Figure 5A showcases the stratified performance on this category, where the test molecules are grouped into three categories: small (MW < 500 daltons), medium (500 <= MW < 1000 daltons), and large (1000 daltons <= MW). On the task of predicting 1H shifts of HSQC cross peaks, the model performs comparably across all groups, achieving excellent MAE of 0.16–0.19 ppm. On the task of predicting 13C shifts, the model achieves an MAE of 1.93 ppm for medium-sized molecules. Our model demonstrates a good generalization power on large molecules and achieves an MAE of 2 ppm on predicting 13C shifts for this category, despite the training data containing only a small proportion of large molecules (~2%).

A The performance of TransPeakNet remains stable as molecular weight increases, demonstrating its robustness. B Saccharides is often a category of interests, in which our model performance is satisfactory.
Saccharides, or carbohydrates, play critical roles in various biological processes involved in energy source and storage, cell signaling, cell adhesion, cell recognition, structural integrity of cells and tissues, as well as cognitive functions and metabolic regulation30,31,32,33. Despite their importance, elucidating the structures of saccharides is challenging due to their inherent structural complexity and diversity. This complexity arises from the diverse arrangements of monosaccharide units, varied anomeric configurations, and variable glycosidic linkages. Additionally, carbohydrates often lack the crystallinity required for high-resolution X-ray diffraction, unlike the well-defined crystalline structures of small molecules or proteins. Consequently, NMR spectroscopy, particularly through techniques such as HSQC, has emerged as an indispensable tool in unraveling the detailed structures of carbohydrates34,35. Forecasting HSQC cross peaks and aligning them with experimental data can assist in comprehending saccharide connectivity and stereochemistry, thus aiding in structural determination.

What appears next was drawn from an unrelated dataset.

(* Let $H$ be a weak Hopf algebra, $A$ an algebra and $\pi\colon H\to A$ a linear map satisfying (PR1)–(PR5). Then the following are equivalent: (1) $\pi(h)=\pi(h_1)\pi(S(h_2))\pi(h_3)$ for all $h\in H$; (2) $\pi(1_1)\pi(S(1_2))=1_A$; (3) $\pi(S(1_1))\pi(1_2)=1_A$; (4) $\pi(S(h))=\pi(S(h_1))\pi(h_2)\pi(S(h_3))$ for all $h\in H$. Moreover, if the antipode $S$ is invertible, these are also equivalent to each of: (5) $\pi(h)=\pi(h_3)\pi(S^{-1}(h_2))\pi(h_1)$ for all $h\in H$; (6) $\pi(S^{-1}(1_2))\pi(1_1)=1_A$; (7) $\pi(1_2)\pi(S^{-1}(1_1))=1_A$.
   Context: All algebras are associative and unital over a field $\Bbbk$; Sweedler notation $\Delta(h)=h_1\otimes h_2$, $\Delta(1_H)=1_1\otimes1_2$. A weak Hopf algebra is $(H,m,u,\Delta,\varepsilon,S)$ with $H$ an algebra, $(H,\Delta,\varepsilon)$ a coalgebra, and for all $g,h,k$: $\Delta(kh)=\Delta(k)\Delta(h)$; $\varepsilon(kh_1)\varepsilon(h_2g)=\varepsilon(khg)=\varepsilon(kh_2)\varepsilon(h_1g)$; $(1\otimes\Delta(1))(\Delta(1)\otimes1)=\Delta^2(1)=(\Delta(1)\otimes1)(1\otimes\Delta(1))$; $h_1S(h_2)=\varepsilon(1_1h)1_2$; $S(h_1)h_2=1_1\varepsilon(h1_2)$; $S(h)=S(h_1)h_2S(h_3)$. Conditions, for all $h,k\in H$: (PR1) $\pi(1_H)=1_A$; (PR2) $\pi(h)\pi(k_1)\pi(S(k_2))=\pi(hk_1)\pi(S(k_2))$; (PR3) $\pi(h)\pi(S(k_1))\pi(k_2)=\pi(hS(k_1))\pi(k_2)$; (PR4) $\pi(h_1)\pi(S(h_2))\pi(k)=\pi(h_1)\pi(S(h_2)k)$; (PR5) $\pi(S(h_1))\pi(h_2)\pi(k)=\pi(S(h_1))\pi(h_2k)$. *)

theory Defs
  imports Complex_Main
begin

Our model demonstrates excellent performance in predicting HSQC cross peaks for saccharides molecules, yielding MAEs of 1.78 for 13C shifts and 0.16 for 1H shifts (see Fig. 5(B)). This level of accuracy is consistent with the overall model performance, which demonstrates the model’s robustness in handling complex saccharide structures. Figure 6 shows the performance of our model on a few exemplar saccharides. These saccharides feature multiple ring structures and numerous stereogenic centers, contributing to the intricate nature of their HSQC spectra. Despite these inherent complexities, our model exhibits high accuracy in predicting the HSQC cross peaks for these molecules. This robust performance underscores our model’s capacity to navigate the complexities associated with saccharides, thereby emphasizing its versatility and effectiveness across various applications in the field.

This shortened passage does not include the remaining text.